With the demand for processing large amounts of data, Apache Kafka is a standard message queue in the big data world. Apache Kafka is publish-subscribe-messaging rethought as a distributed, partitioned, replicated, commit log service, and it has a lot of convenient APIs for many languages.

In this article, I would like to share my experience with leveraging Kafka's API for multiple purposes — from consuming and writing data to streams to a more reactive approach with Akka. In this tutorial, all examples are written in Scala. If you use another programming language, you can easy remake code from Scala.

First of all, you need to install Kafka. For this, I use a Docker image:

docker run --rm -it \
    -p 2181:2181 -p 3030:3030 -p 7081:8081 \
    -p 7082:8082 -p 7083:8083 -p 9092:9092 \
    -e ADV_HOST=127.0.0.1 \
    landoop/fast-data-dev

Of course, you can use another image or launch Kafka manually; it's up to you.

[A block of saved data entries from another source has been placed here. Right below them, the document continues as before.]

lemma
  fixes f g :: "'a \<Rightarrow> real" and n m m' :: nat
  assumes "prob_space \<nu>" and "integrable \<nu> f" "integrable \<nu> g" "integrable \<nu> (\<lambda>z. f z * g z)"
    and "m < n" "m' < n"
  shows integrable_PiM_coordinate_product:
      "integrable (PiM {..<n} (\<lambda>_. \<nu>)) (\<lambda>x. f (x m) * g (x m'))"
    and integral_PiM_coordinate_product:
      "(\<integral>x. f (x m) * g (x m') \<partial>PiM {..<n} (\<lambda>_. \<nu>))
         = (if m = m' then (\<integral>z. f z * g z \<partial>\<nu>) else (\<integral>z. f z \<partial>\<nu>) * (\<integral>z. g z \<partial>\<nu>))"
proof -
  interpret prob_space \<nu> by fact
  interpret product_sigma_finite "\<lambda>_::nat. \<nu>" by unfold_locales
  define F where "F j z = (if j = m then f z else 1) * (if j = m' then g z else 1)" for j z
  have F_int: "integrable \<nu> (F j)" for j
    using assms(2-4) by (cases "j = m"; cases "j = m'") (auto simp: F_def[abs_def])
  have F_prod: "(\<Prod>j<n. F j (x j)) = f (x m) * g (x m')" for x
    using assms(5,6) by (simp add: F_def prod.distrib)
  show "integrable (PiM {..<n} (\<lambda>_. \<nu>)) (\<lambda>x. f (x m) * g (x m'))"
    using product_integrable_prod[of "{..<n}" F] F_int by (simp add: F_prod)
  have "(\<integral>x. f (x m) * g (x m') \<partial>PiM {..<n} (\<lambda>_. \<nu>)) = (\<Prod>j<n. integral\<^sup>L \<nu> (F j))"
    using product_integral_prod[of "{..<n}" F] F_int by (simp add: F_prod)
  also have "\<dots> = (if m = m' then (\<integral>z. f z * g z \<partial>\<nu>) else (\<integral>z. f z \<partial>\<nu>) * (\<integral>z. g z \<partial>\<nu>))"
  proof (cases "m = m'")
    case True
    then have "integral\<^sup>L \<nu> (F j) = (if j = m then \<integral>z. f z * g z \<partial>\<nu> else 1)" for j
      by (simp add: F_def[abs_def] prob_space)
    then show ?thesis using True assms(5) by simp
  next
    case False
    then have "integral\<^sup>L \<nu> (F j)
        = (if j = m then \<integral>z. f z \<partial>\<nu> else 1) * (if j = m' then \<integral>z. g z \<partial>\<nu> else 1)" for j
      by (simp add: F_def[abs_def] prob_space)
    then show ?thesis using False assms(5,6) by (simp add: prod.distrib)
  qed
  finally show "(\<integral>x. f (x m) * g (x m') \<partial>PiM {..<n} (\<lambda>_. \<nu>))
         = (if m = m' then (\<integral>z. f z * g z \<partial>\<nu>) else (\<integral>z. f z \<partial>\<nu>) * (\<integral>z. g z \<partial>\<nu>))" .
qed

Integrating Spark Streaming and Kafka is incredibly easy. Your middleware, backend (proxy-like), or IoT devices can send millions of records per second to Kafka while it effectively handling them. Spark Streaming provides simple parallelism, 1:1 correspondence between Kafka partitions and Spark partitions, and access to offsets and metadata. Primarily, we need to set up Kafka's parameters to Spark — like a host, port, offset committing strategy, etc.

  def kafkaParams = Map[String, Object](
    "bootstrap.servers" -> "127.0.0.1:9092",
    "key.deserializer" -> classOf[StringDeserializer],
    "value.deserializer" -> classOf[StringDeserializer],
    "group.id" -> "mygroup1",
    "auto.offset.reset" -> "latest",
    "enable.auto.commit" -> (false: java.lang.Boolean)
  )

After setting the necessary configurations, we can deal with the direct stream. All logic with creating streams is located in the KafkaUtils class:

 val topics = Array("sample_topic")
    val stream = KafkaUtils.createDirectStream[String, String](
      streamingContext,
      PreferConsistent, //It will consistently distribute partitions across all executors.
      Subscribe[String, String](topics, kafkaParams)
    )

    stream.map(record => (record.key, record.value)).print()

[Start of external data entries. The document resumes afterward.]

section \<open>The kernel Q_rho\<close>

lemma rhorad_eq_0_if_support_cball:
  fixes rhorad :: "real \<Rightarrow> real"
  assumes supp: "closure {z::real^3. z \<noteq> 0 \<and> rhorad (norm z) \<noteq> 0} = cball 0 1" and "1 < t"
  shows "rhorad t = 0"
proof (rule ccontr)
  assume "rhorad t \<noteq> 0"
  define v :: "real^3" where "v = t *\<^sub>R axis 1 1"
  have "norm v = t" using \<open>1 < t\<close> by (simp add: v_def)
  with \<open>rhorad t \<noteq> 0\<close> \<open>1 < t\<close> have "v \<in> closure {z::real^3. z \<noteq> 0 \<and> rhorad (norm z) \<noteq> 0}"
    by (intro closure_subset[THEN subsetD]) auto
  with supp \<open>norm v = t\<close> \<open>1 < t\<close> show False by simp
qed

lemma continuous_on_if_times_differentiable:
  fixes rhorad :: "real \<Rightarrow> real"
  assumes "\<And>r. 0 < r \<Longrightarrow> (\<lambda>t. t * rhorad t) differentiable (at r)"
  shows "continuous_on {0<..} rhorad"
proof -
  have "continuous_on {0<..} (\<lambda>t. t * rhorad t / t)"
    using assms by (intro continuous_intros differentiable_imp_continuous_on
        differentiable_at_imp_differentiable_on) auto
  then show ?thesis by (rule continuous_on_eq) auto
qed

lemma rhorad_le_powr:
  fixes rhorad :: "real \<Rightarrow> real"
  assumes nonneg: "\<And>t. 0 < t \<Longrightarrow> 0 \<le> rhorad t"
    and mono: "\<And>s t. 0 < s \<Longrightarrow> s \<le> t \<Longrightarrow> t powr b * rhorad t \<le> s powr b * rhorad s"
    and almost_mono: "\<And>t1 t2. 0 < t1 \<Longrightarrow> t1 < t2 \<Longrightarrow> t2 < eta \<Longrightarrow>
      t1 powr a * rhorad t1 \<le> C * (t2 powr a * rhorad t2)"
    and "0 < eta" "0 \<le> a" "0 \<le> b"
  obtains B where "0 \<le> B" "\<And>t. 0 < t \<Longrightarrow> t \<le> 1 \<Longrightarrow> rhorad t \<le> B * t powr (- a)"
proof -
  define t0 where "t0 = min eta 1 / 2"
  have t0: "0 < t0" "t0 < eta" "t0 < 1" using \<open>0 < eta\<close> by (auto simp: t0_def)
  define B where "B = max (C * t0 powr a) 1 * rhorad t0"
  have "0 \<le> rhorad t0" using nonneg t0 by simp
  then have "0 \<le> B" "C * t0 powr a * rhorad t0 \<le> B" "rhorad t0 \<le> B"
    using mult_right_mono[OF max.cobounded1 \<open>0 \<le> rhorad t0\<close>, of "C * t0 powr a" 1]
      mult_right_mono[OF max.cobounded2 \<open>0 \<le> rhorad t0\<close>, of 1 "C * t0 powr a"]
    by (simp_all add: B_def)
  moreover have "rhorad t \<le> B * t powr (- a)" if "0 < t" "t \<le> 1" for t
  proof (cases "t < t0")
    case True
    have "t powr a * rhorad t \<le> C * (t0 powr a * rhorad t0)"
      using almost_mono[of t t0] True t0 \<open>0 < t\<close> by simp
    then have "rhorad t \<le> C * t0 powr a * rhorad t0 * t powr (- a)"
      using \<open>0 < t\<close> by (simp add: powr_minus field_simps)
    also have "\<dots> \<le> B * t powr (- a)"
      using \<open>C * t0 powr a * rhorad t0 \<le> B\<close> by (simp add: mult_right_mono)
    finally show ?thesis .
  next
    case False
    have "t powr b * rhorad t \<le> t0 powr b * rhorad t0"
      using mono[of t0 t] t0 False by simp
    also have "\<dots> \<le> t powr b * rhorad t0"
      using False t0 \<open>0 \<le> b\<close> \<open>0 \<le> rhorad t0\<close> by (intro mult_right_mono powr_mono2) auto
    finally have "rhorad t \<le> rhorad t0" using \<open>0 < t\<close> by simp
    also have "\<dots> \<le> B" by fact
    also have "\<dots> \<le> B * t powr (- a)"
      using \<open>0 \<le> B\<close> that \<open>0 \<le> a\<close> by (simp add: ge_one_powr_ge_zero powr_minus one_le_inverse powr_le1
          mult_le_cancel_left1)
    finally show ?thesis .
  qed
  ultimately show ?thesis using that by blast
qed

lemma Qrad_eq_0:
  assumes "\<And>t. 1 < t \<Longrightarrow> rhorad t = 0" "1 < s"
  shows "Qrad rhorad s = 0"
  unfolding Qrad_def using assms by (subst integral_cong[of _ _ "\<lambda>_. 0"]) auto

context
  fixes rhorad :: "real \<Rightarrow> real"
  assumes vanish: "\<And>t. 1 < t \<Longrightarrow> rhorad t = 0"
    and cont: "continuous_on {0<..} rhorad"
begin

lemma integrable_on_rhorad_div:
  assumes "0 < s"
  shows "(\<lambda>t. rhorad t / t) integrable_on {s..u}"
  using assms by (intro integrable_continuous_interval continuous_intros continuous_on_subset[OF cont]) auto

lemma Qrad_eq_integral:
  assumes "0 < s" "s \<le> 1"
  shows "Qrad rhorad s = integral {s..1} (\<lambda>t. rhorad t / t)"
proof -
  let ?h = "\<lambda>t. rhorad t / t"
  have "(?h has_integral integral {s..1} ?h) {s..1}"
    using integrable_on_rhorad_div[OF \<open>0 < s\<close>] by (rule integrable_integral)
  then have "((\<lambda>t. if t \<in> {s..1} then ?h t else 0) has_integral integral {s..1} ?h) {s..}"
    by (subst has_integral_restrict) auto
  then have "(?h has_integral integral {s..1} ?h) {s..}"
    by (rule has_integral_eq[rotated]) (auto simp: vanish)
  then show ?thesis unfolding Qrad_def by (rule integral_unique)
qed

lemma Qrad_nonneg:
  assumes nonneg: "\<And>t. 0 < t \<Longrightarrow> 0 \<le> rhorad t" and "0 < s"
  shows "0 \<le> Qrad rhorad s"
proof (cases "s \<le> 1")
  case True
  then show ?thesis
    using assms integrable_on_rhorad_div[OF \<open>0 < s\<close>] nonneg
    by (auto simp: Qrad_eq_integral intro!: integral_nonneg)
qed (simp add: Qrad_eq_0[OF vanish])

lemma Qrad_antimono:
  assumes nonneg: "\<And>t. 0 < t \<Longrightarrow> 0 \<le> rhorad t" and "0 < s" "s \<le> s'"
  shows "Qrad rhorad s' \<le> Qrad rhorad s"
proof (cases "s' \<le> 1")
  case True
  let ?h = "\<lambda>t. rhorad t / t"
  have "integral {s..s'} ?h + integral {s'..1} ?h = integral {s..1} ?h"
    using assms True integrable_on_rhorad_div[OF \<open>0 < s\<close>]
    by (intro Henstock_Kurzweil_Integration.integral_combine) auto
  moreover have "0 \<le> integral {s..s'} ?h"
    using assms integrable_on_rhorad_div[OF \<open>0 < s\<close>] nonneg by (intro integral_nonneg) auto
  ultimately show ?thesis
    using assms True by (simp add: Qrad_eq_integral)
next
  case False
  then show ?thesis using Qrad_nonneg[OF nonneg \<open>0 < s\<close>] by (simp add: Qrad_eq_0[OF vanish])
qed

lemma Qrad_le_powr:
  assumes bound: "\<And>t. 0 < t \<Longrightarrow> t \<le> 1 \<Longrightarrow> rhorad t \<le> B * t powr (- a)"
    and "0 \<le> B" "0 < a" "0 < s"
  shows "Qrad rhorad s \<le> B / a * s powr (- a)"
proof (cases "s \<le> 1")
  case True
  let ?F = "\<lambda>t. - (B / a) * t powr (- a)"
  have primitive: "((\<lambda>t. B * t powr (- a - 1)) has_integral (?F 1 - ?F s)) {s..1}"
  proof (rule fundamental_theorem_of_calculus)
    fix t assume "t \<in> {s..1}"
    then have "(?F has_real_derivative - (B / a) * (- a * t powr (- a - 1))) (at t)"
      using \<open>0 < s\<close> by (intro DERIV_cmult has_real_derivative_powr) auto
    then show "(?F has_vector_derivative B * t powr (- a - 1)) (at t within {s..1})"
      using \<open>0 < a\<close> by (simp add: has_real_derivative_iff_has_vector_derivative[symmetric] has_field_derivative_at_within)
  qed (use True in simp)
  have "Qrad rhorad s = integral {s..1} (\<lambda>t. rhorad t / t)"
    using \<open>0 < s\<close> True by (rule Qrad_eq_integral)
  also have "\<dots> \<le> integral {s..1} (\<lambda>t. B * t powr (- a - 1))"
  proof (rule integral_le)
    fix t assume "t \<in> {s..1}"
    then have "rhorad t / t \<le> B * t powr (- a) / t"
      using bound[of t] \<open>0 < s\<close> by (simp add: divide_right_mono)
    then show "rhorad t / t \<le> B * t powr (- a - 1)"
      using \<open>t \<in> {s..1}\<close> \<open>0 < s\<close> by (simp add: powr_diff)
  qed (use integrable_on_rhorad_div[OF \<open>0 < s\<close>] primitive in auto)
  also have "\<dots> = ?F 1 - ?F s" using primitive by (rule integral_unique)
  also have "\<dots> \<le> B / a * s powr (- a)" using \<open>0 \<le> B\<close> \<open>0 < a\<close> by simp
  finally show ?thesis .
next
  case False
  then show ?thesis using assms by (simp add: Qrad_eq_0[OF vanish])
qed

end

lemma borel_measurable_radial_antimono:
  fixes g :: "real \<Rightarrow> real"
  assumes antimono: "\<And>s t. 0 < s \<Longrightarrow> s \<le> t \<Longrightarrow> g t \<le> g s"
  shows "(\<lambda>z::'a::euclidean_space. g (norm z)) \<in> borel_measurable lborel"
proof -
  have "(\<lambda>s. - g (max s 0)) \<in> borel_measurable borel"
  proof (rule borel_measurable_piecewise_mono[of "{{..0}, {0<..}}"])
    fix c :: "real set" assume "c \<in> {{..0}, {0<..}}"
    then show "mono_on c (\<lambda>s. - g (max s 0))"
      by (auto simp: mono_on_def antimono)
  qed auto
  then have "(\<lambda>z::'a. - g (max (norm z) 0)) \<in> borel_measurable borel"
    by (rule measurable_compose[OF borel_measurable_norm])
  then have "(\<lambda>z::'a. - (- g (max (norm z) 0))) \<in> borel_measurable borel"
    by (rule borel_measurable_uminus)
  then show ?thesis
    unfolding measurable_lborel2 by simp
qed

lemma dyadic_shell:
  fixes x :: real
  assumes "0 < x" "x \<le> 1"
  obtains n where "(1/2) ^ Suc n < x" "x \<le> (1/2) ^ n"
proof -
  obtain N where "(1/2::real) ^ N < x"
    using real_arch_pow_inv[of x "1/2"] \<open>0 < x\<close> by auto
  then obtain k where "(1/2::real) ^ k < x" "\<And>i. i < k \<Longrightarrow> \<not> (1/2::real) ^ i < x"
    using ex_least_nat_le[of "\<lambda>m. (1/2::real) ^ m < x" N] \<open>x \<le> 1\<close> by auto
  moreover from this \<open>x \<le> 1\<close> obtain n where "k = Suc n"
    by (cases k) auto
  ultimately show ?thesis using that by (simp add: not_less)
qed

lemma power_powr_commute:
  fixes x :: real
  assumes "0 < x"
  shows "(x ^ k) powr a = (x powr a) ^ k"
proof -
  have "(x ^ k) powr a = (x powr real k) powr a"
    using assms by (simp add: powr_realpow)
  also have "\<dots> = (x powr a) powr real k"
    by (simp add: powr_powr mult.commute)
  also have "\<dots> = (x powr a) ^ k"
    using assms by (simp add: powr_realpow)
  finally show ?thesis .
qed

lemma summable_dyadic_ball_indicators:
  fixes z :: "'a::real_normed_vector" and c :: "nat \<Rightarrow> real"
  assumes "z \<noteq> 0"
  shows "summable (\<lambda>n. c n * indicator (ball 0 (2 * (1/2) ^ n)) z)"
proof -
  obtain N where N: "(1/2::real) ^ N < norm z / 2"
    using real_arch_pow_inv[of "norm z / 2" "1/2"] assms by auto
  have "c n * indicator (ball 0 (2 * (1/2) ^ n)) z = 0" if "n \<notin> {..<N}" for n
  proof -
    have "(1/2::real) ^ n \<le> (1/2) ^ N"
      using that by (intro power_decreasing) auto
    with N have "2 * (1/2) ^ n < norm z"
      by linarith
    then show ?thesis by simp
  qed
  then show ?thesis
    using summable_finite[of "{..<N}" "\<lambda>n. c n * indicator (ball 0 (2 * (1/2) ^ n)) z"] by blast
qed

text \<open>With q = 2 powr a this sum dominates M * norm z powr (- a) on the unit ball; the integrals
  of its terms form a geometric series of ratio q / 2 ^ DIM('a).\<close>

lemma integrable_dyadic_ball_indicators_sum:
  fixes q :: real
  assumes "0 \<le> M" "0 < q" "q < 2 ^ DIM('a)"
  shows "integrable lborel (\<lambda>z::'a::euclidean_space. \<Sum>n. M * q ^ Suc n * indicator (ball 0 (2 * (1/2) ^ n)) z)"
proof -
  define f where "f n z = M * q ^ Suc n * indicator (ball (0::'a) (2 * (1/2) ^ n)) z" for n z
  define V where "V = measure lborel (ball (0::'a) 1)"
  have f_nonneg: "0 \<le> f n z" for n z
    using assms by (simp add: f_def)
  have f_int: "integrable lborel (f n)" for n
    unfolding f_def by (intro integrable_mult_right integrable_real_indicator emeasure_lborel_ball_finite) auto
  have "(LINT z|lborel. norm (f n z)) = (2 ^ DIM('a) * M * q * V) * (q / 2 ^ DIM('a)) ^ n" for n
  proof -
    have "(LINT z|lborel. norm (f n z)) = M * q ^ Suc n * (2 * (1/2) ^ n) ^ DIM('a) * V"
      using f_nonneg content_ball_conv_unit_ball[of "2 * (1/2) ^ n" "0::'a"]
      by (simp add: f_def V_def)
    also have "\<dots> = (2 ^ DIM('a) * M * q * V) * (q / 2 ^ DIM('a)) ^ n"
      by (simp add: power_mult_distrib power_divide field_simps flip: power_mult)
    finally show ?thesis .
  qed
  then have summable_int: "summable (\<lambda>n. LINT z|lborel. norm (f n z))"
    using assms by (simp add: summable_mult summable_geometric)
  have summable_norm: "summable (\<lambda>n. norm (f n z))" if "z \<noteq> 0" for z
  proof -
    have "norm (f n z) = f n z" for n
      using f_nonneg[of n z] by simp
    then show ?thesis
      using summable_dyadic_ball_indicators[OF that] unfolding f_def by simp
  qed
  have "AE z in lborel. summable (\<lambda>n. norm (f n z))"
    using AE_lborel_singleton[of 0] by (rule AE_mp) (intro AE_I2 impI summable_norm)
  from integrable_suminf[OF f_int this summable_int] show ?thesis
    by (simp add: f_def)
qed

    stream.foreachRDD { rdd =>
      val offsetRanges = rdd.asInstanceOf[HasOffsetRanges].offsetRanges
      rdd.foreachPartition { _ =>
        val o: OffsetRange = offsetRanges(TaskContext.get.partitionId)
        println(s"${o.topic} ${o.partition} ${o.fromOffset} ${o.untilOffset}")
      }
    }

Note: The code above uses the Spark Streaming API, which we will discuss below.

Spark operates with RDD (the basic abstraction in Spark; represents an immutable, partitioned collection of elements that can be operated in parallel). All RDD in a specific batch (represented by parameter heartbeat.interval.ms) can be manipulated with the foreachRDD method. In this example, we simply print names of the topic, offset, and partition. You can also use more complicated logic, like retrieving data from a stream of tweets.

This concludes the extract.